[Editor's note: A version of this story appears in the January 2020 edition of Oil and Gas Investor. Subscribe to the magazine here.]
It comes as little surprise that capital markets for energy barely have a pulse. Discipline is the order of the day, and capital constraints are enforced on E&Ps by market pressure. A market mandate asks E&Ps to pursue multiple goals at once: keeping capex within cash flow, while pushing production higher at a sustainable rate, offering a rising dividend, buying back stock, rolling over debt, etc.

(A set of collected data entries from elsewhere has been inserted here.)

(* Let $A$ be a real matrix with $m$ rows, let $B$ be a real matrix with $m$ nonzero columns, and let $OPT$ be a set of $k$ columns of $B$ maximizing $f_A$ among all $k$-sets of columns of $B$, with $\sigma_{\min}(OPT) > 0$. Then for any partition $(I, J)$ of $OPT$, $$f_A(I) + f_A(J) \ge \frac{f_A(OPT)}{2\,\kappa(OPT)}.$$
   Context: For a finite set $V$ of vectors in $\mathbb{R}^m$, $\Pi_V$ is the orthogonal projector onto $\mathrm{span}(V)$ and, for a matrix $M$ with $m$ rows, $f_M(V) = \|\Pi_V M\|_F^2$. For a finite set $V$ of nonzero vectors, $\sigma_{\min}(V)$ and $\sigma_{\max}(V)$ are the smallest and largest squared singular values of the matrix whose columns are the vectors of $V$ rescaled to unit length, and $\kappa(V) = \sigma_{\max}(V)/\sigma_{\min}(V)$. *)

theory Defs
  imports "HOL-Analysis.Analysis"
begin

definition proj_span :: "'a::euclidean_space set \<Rightarrow> 'a \<Rightarrow> 'a" where
  "proj_span V x = (THE p. p \<in> span V \<and> (\<forall>w\<in>span V. (x - p) \<bullet> w = 0))"

definition proj_mat :: "(real^'m) set \<Rightarrow> real^'m^'m" where
  "proj_mat V = matrix (proj_span V)"

definition frob2 :: "real^'n^'m \<Rightarrow> real" where
  "frob2 M = (\<Sum>i\<in>UNIV. \<Sum>j\<in>UNIV. (M $ i $ j)^2)"

definition fM :: "real^'n^'m \<Rightarrow> (real^'m) set \<Rightarrow> real" where
  "fM M V = frob2 (proj_mat V ** M)"

definition cols :: "real^'n^'m \<Rightarrow> (real^'m) set" where
  "cols B = {column j B | j. True}"
(* Let $N\ge1$, $f:\mathbb{N}^N\to\mathbb{N}$, $k\ge0$ and $\boldsymbol{\ell}\in\mathbb{N}^N$. Then: (a) if $k$ is even and $\boldsymbol{\ell}$ has at least one odd entry, $\binom{k}{\boldsymbol{\ell}}_f\equiv 0\pmod 2$; (b) if $k$ is even and all entries of $\boldsymbol{\ell}$ are even, $\binom{k}{\boldsymbol{\ell}}_f\equiv\binom{k/2}{\boldsymbol{\ell}/2}_f\pmod 2$; (c) if $k$ is odd, $\displaystyle\binom{k}{\boldsymbol{\ell}}_f\equiv\sum_{\mathbf{s}}f(\mathbf{s})\binom{\lfloor k/2\rfloor}{(\boldsymbol{\ell}-\mathbf{s})/2}_f\pmod 2$, the sum over all $\mathbf{s}\in\mathbb{N}^N$ such that $\boldsymbol{\ell}-\mathbf{s}\in\mathbb{N}^N$ has only even entries.
   Context: $\mathbb{N}=\{0,1,2,\dots\}$. For $k\ge0$ and $\mathbf{x}\in\mathbb{N}^N$, $\binom{k}{\mathbf{x}}_f=\sum_{\mathbf{m}_1+\cdots+\mathbf{m}_k=\mathbf{x}} f(\mathbf{m}_1)\cdots f(\mathbf{m}_k)$ over tuples of vectors in $\mathbb{N}^N$ (the number of $f$-weighted vector compositions of $\mathbf{x}$ with $k$ parts). *)

theory Defs
  imports "HOL-Analysis.Analysis"
begin

text \<open>Vectors in N^N are represented as functions nat => nat vanishing outside {..<N}.\<close>
definition vecs :: "nat \<Rightarrow> (nat \<Rightarrow> nat) set" where
  "vecs N = {x. \<forall>i\<ge>N. x i = 0}"

definition compositions :: "nat \<Rightarrow> nat \<Rightarrow> (nat \<Rightarrow> nat) \<Rightarrow> (nat \<Rightarrow> nat \<Rightarrow> nat) set" where
  "compositions N k x = {ms. (\<forall>j<k. ms j \<in> vecs N) \<and> (\<forall>j\<ge>k. ms j = (\<lambda>_. 0))
        \<and> (\<forall>i. (\<Sum>j<k. ms j i) = x i)}"

definition fbinom :: "((nat \<Rightarrow> nat) \<Rightarrow> nat) \<Rightarrow> nat \<Rightarrow> nat \<Rightarrow> (nat \<Rightarrow> nat) \<Rightarrow> nat" where
  "fbinom f N k x = (\<Sum>ms\<in>compositions N k x. \<Prod>j<k. f (ms j))"

end

theory Submission
  imports Defs "HOL-Library.Z2"
begin

text \<open>
  Cutting a composition with \<open>a + b\<close> parts after its first \<open>a\<close> parts gives the convolution
  \<open>C(a + b, x) = (\<Sum>y \<le> x. C(a, y) C(b, x - y))\<close>. For \<open>a = b = m\<close> the summands at \<open>y\<close> and
  \<open>x - y\<close> are equal, so modulo 2 only the fixed point \<open>y = x/2\<close> of the involution
  \<open>y \<mapsto> x - y\<close> survives; it exists only when all entries of \<open>x\<close> are even, and it contributes
  \<open>C(m, x/2)\<^sup>2 \<equiv> C(m, x/2)\<close>. For odd \<open>k = 1 + 2m\<close> one splits off a single part, using
  \<open>C(1, s) = f s\<close>.
\<close>

lemma sum_lessThan_add:
  fixes a b :: nat
  shows "(\<Sum>j<a + b. g j) = (\<Sum>j<a. g j) + (\<Sum>j<b. g (a + j) :: 'c::comm_monoid_add)"
  by (induction b) (auto simp: add.assoc)

lemma prod_lessThan_add:
  fixes a b :: nat
  shows "(\<Prod>j<a + b. g j) = (\<Prod>j<a. g j) * (\<Prod>j<b. g (a + j) :: 'c::comm_monoid_mult)"
  by (induction b) (auto simp: mult.assoc)

lemma sum_involution_eq_sum_fixed_points:
  fixes g :: "'a \<Rightarrow> 'b::comm_monoid_add"
  assumes "finite A" and "\<And>x. x \<in> A \<Longrightarrow> \<sigma> x \<in> A" and "\<And>x. x \<in> A \<Longrightarrow> \<sigma> (\<sigma> x) = x"
    and "\<And>x. x \<in> A \<Longrightarrow> \<sigma> x \<noteq> x \<Longrightarrow> g (\<sigma> x) + g x = 0"
  shows "sum g A = sum g {x\<in>A. \<sigma> x = x}"
proof -
  have "sum g (A - {x. \<sigma> x = x}) = 0"
    by (rule sum_involution_eq_0[where h = \<sigma>]) (use assms in auto)
  then show ?thesis
    using sum.Int_Diff[OF \<open>finite A\<close>, of g "{x. \<sigma> x = x}"] by (simp add: Int_def conj_commute)
qed

lemma nat_mod_2_eq_iff_of_nat_bit_eq:
  "(a::nat) mod 2 = b mod 2 \<longleftrightarrow> (of_nat a :: bit) = of_nat b"
  by (simp only: Z2.bit_eq_iff even_of_nat) presburger

definition vecs_below :: "nat \<Rightarrow> (nat \<Rightarrow> nat) \<Rightarrow> (nat \<Rightarrow> nat) set" where
  "vecs_below N x = {s\<in>vecs N. \<forall>i<N. s i \<le> x i}"

lemma vecs_below_le:
  "y \<in> vecs_below N x \<Longrightarrow> y i \<le> x i"
  by (cases "i < N") (auto simp: vecs_below_def vecs_def)

lemma vecs_below_diff:
  "x \<in> vecs N \<Longrightarrow> y \<in> vecs_below N x \<Longrightarrow> (\<lambda>i. x i - y i) \<in> vecs_below N x"
  by (auto simp: vecs_below_def vecs_def)

lemma finite_vecs_bounded: "finite {y\<in>vecs N. \<forall>i<N. y i \<le> M}"
proof (rule finite_subset)
  show "finite {y. \<forall>i. (i \<in> {..<N} \<longrightarrow> y i \<in> {..M}) \<and> (i \<notin> {..<N} \<longrightarrow> y i = (0::nat))}"
    by (rule finite_set_of_finite_funs) auto
qed (auto simp: vecs_def)

lemma finite_vecs_below: "finite (vecs_below N x)"
proof (rule finite_subset)
  show "vecs_below N x \<subseteq> {y\<in>vecs N. \<forall>i<N. y i \<le> (\<Sum>i<N. x i)}"
    using member_le_sum[of _ "{..<N}" x] by (auto simp: vecs_below_def intro: order_trans)
qed (rule finite_vecs_bounded)

lemma compositions_part_le:
  assumes "ms \<in> compositions N k x" and "j < k"
  shows "ms j i \<le> x i"
proof -
  have "ms j i \<le> (\<Sum>j<k. ms j i)"
    using assms(2) by (intro member_le_sum) auto
  also have "\<dots> = x i"
    using assms(1) by (simp add: compositions_def)
  finally show ?thesis .
qed

lemma finite_compositions: "finite (compositions N k x)"
proof (rule finite_subset)
  let ?W = "{y\<in>vecs N. \<forall>i<N. y i \<le> (\<Sum>i<N. x i)}"
  show "finite {ms. \<forall>j. (j \<in> {..<k} \<longrightarrow> ms j \<in> ?W) \<and> (j \<notin> {..<k} \<longrightarrow> ms j = (\<lambda>_. 0::nat))}"
    by (rule finite_set_of_finite_funs) (simp_all add: finite_vecs_bounded)
  show "compositions N k x \<subseteq> \<dots>"
  proof
    fix ms assume ms: "ms \<in> compositions N k x"
    have "ms j i \<le> (\<Sum>i<N. x i)" if "j < k" "i < N" for i j
      using compositions_part_le[OF ms, of j i] member_le_sum[of i "{..<N}" x] that by simp
    then have "ms j \<in> ?W" if "j < k" for j
      using ms that by (simp add: compositions_def)
    moreover have "ms j = (\<lambda>_. 0)" if "\<not> j < k" for j
      using ms that by (simp add: compositions_def)
    ultimately show "ms \<in> {ms. \<forall>j. (j \<in> {..<k} \<longrightarrow> ms j \<in> ?W) \<and> (j \<notin> {..<k} \<longrightarrow> ms j = (\<lambda>_. 0))}"
      by simp
  qed
qed

lemma fbinom_one:
  assumes s: "s \<in> vecs N"
  shows "fbinom f N 1 s = f s"
proof -
  have "compositions N 1 s = {\<lambda>j. if j = 0 then s else (\<lambda>_. 0)}"
    using s by (auto simp: compositions_def fun_eq_iff)
  then show ?thesis by (simp add: fbinom_def)
qed

definition tuple_append :: "nat \<Rightarrow> (nat \<Rightarrow> 'a) \<Rightarrow> (nat \<Rightarrow> 'a) \<Rightarrow> nat \<Rightarrow> 'a" where
  "tuple_append a p q = (\<lambda>j. if j < a then p j else q (j - a))"

lemma tuple_append_in_compositions:
  assumes "y \<in> vecs_below N x" "p \<in> compositions N a y" "q \<in> compositions N b (\<lambda>i. x i - y i)"
  shows "tuple_append a p q \<in> compositions N (a + b) x"
proof -
  have "(\<Sum>j<a + b. tuple_append a p q j i) = x i" for i
    using assms vecs_below_le[OF assms(1), of i]
    by (simp add: sum_lessThan_add tuple_append_def compositions_def)
  then show ?thesis
    using assms by (auto simp: compositions_def tuple_append_def)
qed

lemma compositions_split:
  assumes "ms \<in> compositions N (a + b) x"
  defines "y \<equiv> \<lambda>i. \<Sum>j<a. ms j i"
  shows "y \<in> vecs_below N x"
    and "(\<lambda>j. if j < a then ms j else (\<lambda>_. 0)) \<in> compositions N a y"
    and "(\<lambda>j. ms (a + j)) \<in> compositions N b (\<lambda>i. x i - y i)"
proof -
  have parts: "\<And>j. j < a + b \<Longrightarrow> ms j \<in> vecs N" "\<And>j. a + b \<le> j \<Longrightarrow> ms j = (\<lambda>_. 0)"
    using assms by (auto simp: compositions_def)
  have total: "x i = y i + (\<Sum>j<b. ms (a + j) i)" for i
    using assms sum_lessThan_add[of "\<lambda>j. ms j i" a b] by (simp add: compositions_def y_def)
  have "y i = 0" if "N \<le> i" for i
    unfolding y_def using parts(1) that by (intro sum.neutral) (simp add: vecs_def)
  then show "y \<in> vecs_below N x"
    using total by (simp add: vecs_below_def vecs_def le_add1)
  show "(\<lambda>j. if j < a then ms j else (\<lambda>_. 0)) \<in> compositions N a y"
    using parts(1) by (simp add: compositions_def y_def)
  show "(\<lambda>j. ms (a + j)) \<in> compositions N b (\<lambda>i. x i - y i)"
    using parts total by (simp add: compositions_def)
qed

lemma bij_betw_tuple_append_compositions:
  "bij_betw (\<lambda>(y, p, q). tuple_append a p q)
     (SIGMA y:vecs_below N x. compositions N a y \<times> compositions N b (\<lambda>i. x i - y i))
     (compositions N (a + b) x)"
proof (rule bij_betw_byWitness[where f' = "\<lambda>ms. ((\<lambda>i. \<Sum>j<a. ms j i),
    (\<lambda>j. if j < a then ms j else (\<lambda>_. 0)), (\<lambda>j. ms (a + j)))"], safe)
  show "(\<lambda>i. \<Sum>j<a. tuple_append a p q j i) = y"
    and "(\<lambda>j. if j < a then tuple_append a p q j else (\<lambda>_. 0)) = p"
    if "p \<in> compositions N a y" for y p q
    using that by (auto simp: compositions_def tuple_append_def)
  show "(\<lambda>j. tuple_append a p q (a + j)) = q" for p q :: "nat \<Rightarrow> nat \<Rightarrow> nat"
    by (simp add: tuple_append_def)
  show "tuple_append a (\<lambda>j. if j < a then ms j else (\<lambda>_. 0)) (\<lambda>j. ms (a + j)) = ms" for ms
    by (simp add: tuple_append_def fun_eq_iff)
qed (simp_all add: tuple_append_in_compositions compositions_split)

lemma fbinom_add:
  assumes "x \<in> vecs N"
  shows "fbinom f N (a + b) x
    = (\<Sum>y\<in>vecs_below N x. fbinom f N a y * fbinom f N b (\<lambda>i. x i - y i))"
proof -
  let ?P = "\<lambda>k ms. \<Prod>j<k. f (ms j)"
  let ?T = "SIGMA y:vecs_below N x. compositions N a y \<times> compositions N b (\<lambda>i. x i - y i)"
  have "(\<Sum>y\<in>vecs_below N x. fbinom f N a y * fbinom f N b (\<lambda>i. x i - y i))
      = (\<Sum>(y, p, q)\<in>?T. ?P a p * ?P b q)"
    by (simp add: fbinom_def sum_product sum.cartesian_product sum.Sigma finite_vecs_below
        finite_compositions case_prod_beta)
  also have "\<dots> = (\<Sum>(y, p, q)\<in>?T. ?P (a + b) (tuple_append a p q))"
    by (intro sum.cong refl) (auto simp: prod_lessThan_add tuple_append_def)
  also have "\<dots> = fbinom f N (a + b) x"
    unfolding fbinom_def
    using sum.reindex_bij_betw[OF bij_betw_tuple_append_compositions, of "?P (a + b)"]
    by (simp add: case_prod_beta)
  finally show ?thesis ..
qed

lemma fbinom_double_parity:
  assumes x: "x \<in> vecs N"
  shows "(of_nat (fbinom f N (2 * m) x) :: bit)
    = (if \<forall>i<N. even (x i) then of_nat (fbinom f N m (\<lambda>i. x i div 2)) else 0)"
proof -
  let ?F = "\<lambda>y. of_nat (fbinom f N m y) :: bit"
  let ?\<sigma> = "\<lambda>y i. x i - y i"
  let ?g = "\<lambda>y. ?F y * ?F (?\<sigma> y)"
  let ?half = "\<lambda>i. x i div 2"
  let ?all_even = "\<forall>i<N. even (x i)"
  have \<sigma>\<sigma>: "?\<sigma> (?\<sigma> y) = y" if "y \<in> vecs_below N x" for y
    using vecs_below_le[OF that] by (simp add: fun_eq_iff)
  have fixed_iff: "?\<sigma> y = y \<longleftrightarrow> ?all_even \<and> y = ?half" if "y \<in> vecs_below N x" for y
  proof -
    have "x i - y i = y i \<longleftrightarrow> even (x i) \<and> y i = x i div 2" for i
      using vecs_below_le[OF that, of i] by presburger
    moreover have "(\<forall>i. even (x i)) \<longleftrightarrow> ?all_even"
      using x by (auto simp: vecs_def) (metis dvd_0_right not_le)
    ultimately show ?thesis by (auto simp: fun_eq_iff)
  qed
  have half: "?half \<in> vecs_below N x"
    using x by (simp add: vecs_below_def vecs_def)
  have "(of_nat (fbinom f N (2 * m) x) :: bit) = sum ?g (vecs_below N x)"
    using fbinom_add[OF x, of f m m] by (simp add: mult_2)
  also have "\<dots> = sum ?g {y\<in>vecs_below N x. ?\<sigma> y = y}"
    by (rule sum_involution_eq_sum_fixed_points)
       (use finite_vecs_below vecs_below_diff[OF x] \<sigma>\<sigma> in \<open>auto simp: mult.commute\<close>)
  also have "{y\<in>vecs_below N x. ?\<sigma> y = y} = (if ?all_even then {?half} else {})"
    using fixed_iff half by auto
  also have "sum ?g \<dots> = (if ?all_even then ?F ?half * ?F ?half else 0)"
  proof (cases ?all_even)
    case True
    then have "?\<sigma> ?half = ?half"
      using fixed_iff[OF half] by blast
    then show ?thesis
      unfolding if_P[OF True] by simp
  qed (simp only: if_False sum.empty)
  finally show ?thesis
    by (simp only: mult_bit_eq_and and.idem)
qed

lemma fbinom_odd_parity:
  assumes l: "l \<in> vecs N"
  shows "(of_nat (fbinom f N (Suc (2 * m)) l) :: bit)
    = of_nat (\<Sum>s\<in>{s\<in>vecs N. \<forall>i<N. s i \<le> l i \<and> even (l i - s i)}.
        f s * fbinom f N m (\<lambda>i. (l i - s i) div 2))"
proof -
  let ?even = "\<lambda>s. \<forall>i<N. even (l i - s i)"
  have "fbinom f N (Suc (2 * m)) l
      = (\<Sum>s\<in>vecs_below N l. f s * fbinom f N (2 * m) (\<lambda>i. l i - s i))"
    using fbinom_add[OF l, of f 1 "2 * m"] fbinom_one by (simp add: vecs_below_def)
  then have "(of_nat (fbinom f N (Suc (2 * m)) l) :: bit)
      = (\<Sum>s\<in>vecs_below N l. of_nat (f s) * of_nat (fbinom f N (2 * m) (\<lambda>i. l i - s i)))"
    by (simp only: of_nat_sum of_nat_mult)
  also have "\<dots> = (\<Sum>s\<in>vecs_below N l.
      if ?even s then of_nat (f s * fbinom f N m (\<lambda>i. (l i - s i) div 2)) else 0)"
  proof (intro sum.cong refl)
    fix s assume "s \<in> vecs_below N l"
    then have "(\<lambda>i. l i - s i) \<in> vecs N"
      using l by (auto simp: vecs_def)
    show "of_nat (f s) * of_nat (fbinom f N (2 * m) (\<lambda>i. l i - s i))
        = (if ?even s then of_nat (f s * fbinom f N m (\<lambda>i. (l i - s i) div 2)) else (0::bit))"
      unfolding fbinom_double_parity[OF \<open>(\<lambda>i. l i - s i) \<in> vecs N\<close>]
      by (simp only: if_distrib[of "times (of_nat (f s))"] of_nat_mult mult_zero_right)
  qed
  also have "\<dots> = of_nat (\<Sum>s\<in>{s\<in>vecs_below N l. ?even s}. f s * fbinom f N m (\<lambda>i. (l i - s i) div 2))"
    by (simp only: sum.inter_filter[OF finite_vecs_below] of_nat_sum if_distrib[of of_nat] of_nat_0)
  also have "{s\<in>vecs_below N l. ?even s} = {s\<in>vecs N. \<forall>i<N. s i \<le> l i \<and> even (l i - s i)}"
    by (auto simp: vecs_below_def)
  finally show ?thesis .
qed

theorem theorem5:
  fixes f :: "(nat \<Rightarrow> nat) \<Rightarrow> nat" and N k :: nat and l :: "nat \<Rightarrow> nat"
  assumes "N \<ge> 1" and "l \<in> vecs N"
  shows "(even k \<and> (\<exists>i<N. odd (l i)) \<longrightarrow> fbinom f N k l mod 2 = 0)
    \<and> (even k \<and> (\<forall>i<N. even (l i)) \<longrightarrow>
         fbinom f N k l mod 2 = fbinom f N (k div 2) (\<lambda>i. l i div 2) mod 2)
    \<and> (odd k \<longrightarrow>
         fbinom f N k l mod 2 =
           (\<Sum>s\<in>{s\<in>vecs N. (\<forall>i<N. s i \<le> l i \<and> even (l i - s i))}.
               f s * fbinom f N (k div 2) (\<lambda>i. (l i - s i) div 2)) mod 2)"
proof (intro conjI impI)
  assume "even k \<and> (\<exists>i<N. odd (l i))"
  then have "(of_nat (fbinom f N k l) :: bit) = of_nat 0"
    using fbinom_double_parity[OF assms(2), of f "k div 2"] by auto
  then show "fbinom f N k l mod 2 = 0"
    unfolding nat_mod_2_eq_iff_of_nat_bit_eq[symmetric] by simp
next
  assume "even k \<and> (\<forall>i<N. even (l i))"
  then show "fbinom f N k l mod 2 = fbinom f N (k div 2) (\<lambda>i. l i div 2) mod 2"
    using fbinom_double_parity[OF assms(2), of f "k div 2"]
    by (simp add: nat_mod_2_eq_iff_of_nat_bit_eq)
next
  assume "odd k"
  then show "fbinom f N k l mod 2 =
      (\<Sum>s\<in>{s\<in>vecs N. (\<forall>i<N. s i \<le> l i \<and> even (l i - s i))}.
          f s * fbinom f N (k div 2) (\<lambda>i. (l i - s i) div 2)) mod 2"
    using fbinom_odd_parity[OF assms(2), of f "k div 2"]
    by (simp add: nat_mod_2_eq_iff_of_nat_bit_eq)
qed

end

No easy task for what was once recognized to be a “capital-heavy” industry. And, for public E&Ps, life is made no simpler by an apparent assumption that the cadence of capital outlays and increases in output will tend to neatly match one another. Yes, capital efficiency may tend to move forward based on those factors, but capital projects do not always progress at a uniform pace each quarter.
So, if the spigot for sourcing capital is down to a dribble, how are E&Ps coping with capital constraints?
It’s not as if the energy industry has lacked resourcefulness in adjusting to varying levels of capital or finding new capital sources. If capital is tight, dropping rigs and crews is obviously an option. Less drastic are moves to sell noncore acreage and nonoperated assets. Then there are less frequently used moves, such as the sale of overriding royalty interests (ORRI) or volumetric production payments.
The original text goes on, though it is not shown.